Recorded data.
+---+
(* Let $q$ be a prime power, let $\lambda \in \mathbb{F}_{q^n}\setminus\mathbb{F}_q$, $t = [\mathbb{F}_q(\lambda):\mathbb{F}_q]$, let $\overline{S}$ be an $\mathbb{F}_{q^t}$-subspace of $\mathbb{F}_{q^n}$ of $\mathbb{F}_{q^t}$-dimension $l>0$, let $b\in\mathbb{F}_{q^n}^*$ with $b\mathbb{F}_{q^t}\cap\overline{S}=\{0\}$, let $0<m<t$, $k = tl+m$, and let $S = \overline{S} \oplus b\langle 1, \lambda, \ldots, \lambda^{m-1}\rangle_{\mathbb{F}_q}$ (a $k$-dimensional $\mathbb{F}_q$-subspace). If $\alpha \in \mathbb{F}_{q^n}^*$ satisfies $\dim_{\mathbb{F}_{q^t}}(\overline{S} \cap \alpha\overline{S}) = i$, then $\dim_{\mathbb{F}_q}(S \cap \alpha S) \leq 2m + ti$. *)

theory Defs
  imports "HOL-Computational_Algebra.Primes"
begin

definition subfield :: "'a::field set \<Rightarrow> bool" where
  "subfield K \<longleftrightarrow> 0 \<in> K \<and> 1 \<in> K \<and>
     (\<forall>x\<in>K. \<forall>y\<in>K. x + y \<in> K \<and> x * y \<in> K) \<and>
     (\<forall>x\<in>K. - x \<in> K \<and> inverse x \<in> K)"

definition gen_subfield :: "'a::field set \<Rightarrow> 'a set" where
  "gen_subfield A = \<Inter>{K. subfield K \<and> A \<subseteq> K}"

definition K_span :: "'a::field set \<Rightarrow> 'a set \<Rightarrow> 'a set" where
  "K_span K A = {\<Sum>x\<in>C. c x * x | C c. finite C \<and> C \<subseteq> A \<and> (\<forall>x\<in>C. c x \<in> K)}"

definition K_subspace :: "'a::field set \<Rightarrow> 'a set \<Rightarrow> bool" where
  "K_subspace K V \<longleftrightarrow> 0 \<in> V \<and> (\<forall>x\<in>V. \<forall>y\<in>V. x + y \<in> V) \<and>
     (\<forall>c\<in>K. \<forall>x\<in>V. c * x \<in> V)"

definition K_indep :: "'a::field set \<Rightarrow> 'a set \<Rightarrow> bool" where
  "K_indep K B \<longleftrightarrow> (\<forall>C c. finite C \<and> C \<subseteq> B \<and> (\<forall>x\<in>C. c x \<in> K) \<and>
      (\<Sum>x\<in>C. c x * x) = 0 \<longrightarrow> (\<forall>x\<in>C. c x = 0))"

definition K_basis :: "'a::field set \<Rightarrow> 'a set \<Rightarrow> 'a set \<Rightarrow> bool" where
  "K_basis K V B \<longleftrightarrow> B \<subseteq> V \<and> K_indep K B \<and> K_span K B = V"

definition K_dim :: "'a::field set \<Rightarrow> 'a set \<Rightarrow> nat" where
  "K_dim K V = card (SOME B. K_basis K V B)"

definition prime_power :: "nat \<Rightarrow> bool" where
  "prime_power q \<longleftrightarrow> (\<exists>p e. prime p \<and> e > 0 \<and> q = p ^ e)"

end

theory Submission
  imports Defs "HOL-Computational_Algebra.Polynomial" "HOL-Library.FuncSet"
begin

text \<open>Every w in S \<inter> \<alpha>S can be written both as s + y and as \<alpha>(s' + y'), with s, s' in Sbar
  and y, y' in the F_q-span Y of b, b\<lambda>, ..., b\<lambda>^(m-1), which has at most q^m elements. For a
  fixed pair (y, \<alpha>y') the admissible w form a coset of Sbar \<inter> \<alpha>Sbar, which has q^(ti) elements.
  Hence |S \<inter> \<alpha>S| \<le> q^(2m + ti), and an F_q-subspace has q^dim elements.\<close>

lemma subfield_facts:
  assumes "subfield K"
  shows "0 \<in> K" "1 \<in> K" "\<And>x y. x \<in> K \<Longrightarrow> y \<in> K \<Longrightarrow> x + y \<in> K"
    "\<And>x y. x \<in> K \<Longrightarrow> y \<in> K \<Longrightarrow> x * y \<in> K"
    "\<And>x. x \<in> K \<Longrightarrow> - x \<in> K" "\<And>x. x \<in> K \<Longrightarrow> inverse x \<in> K"
  using assms unfolding subfield_def by simp_all

lemma subfield_diff: "subfield K \<Longrightarrow> x \<in> K \<Longrightarrow> y \<in> K \<Longrightarrow> x - y \<in> K"
  unfolding diff_conv_add_uminus by (intro subfield_facts(3,5)) simp_all

lemma subfield_card_ge_2:
  fixes K :: "'a::{field,finite} set"
  assumes "subfield K"
  shows "card K \<ge> 2"
proof -
  have "{0, 1} \<subseteq> K" using subfield_facts[OF assms] by blast
  then have "card {0::'a, 1} \<le> card K" by (intro card_mono) auto
  then show ?thesis by simp
qed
+---+
Work item. Read the lines above. Gather those in which the string "intro" is found.

Written response.
  unfolding diff_conv_add_uminus by (intro subfield_facts(3,5)) simp_all
  then have "card {0::'a, 1} \<le> card K" by (intro card_mono) auto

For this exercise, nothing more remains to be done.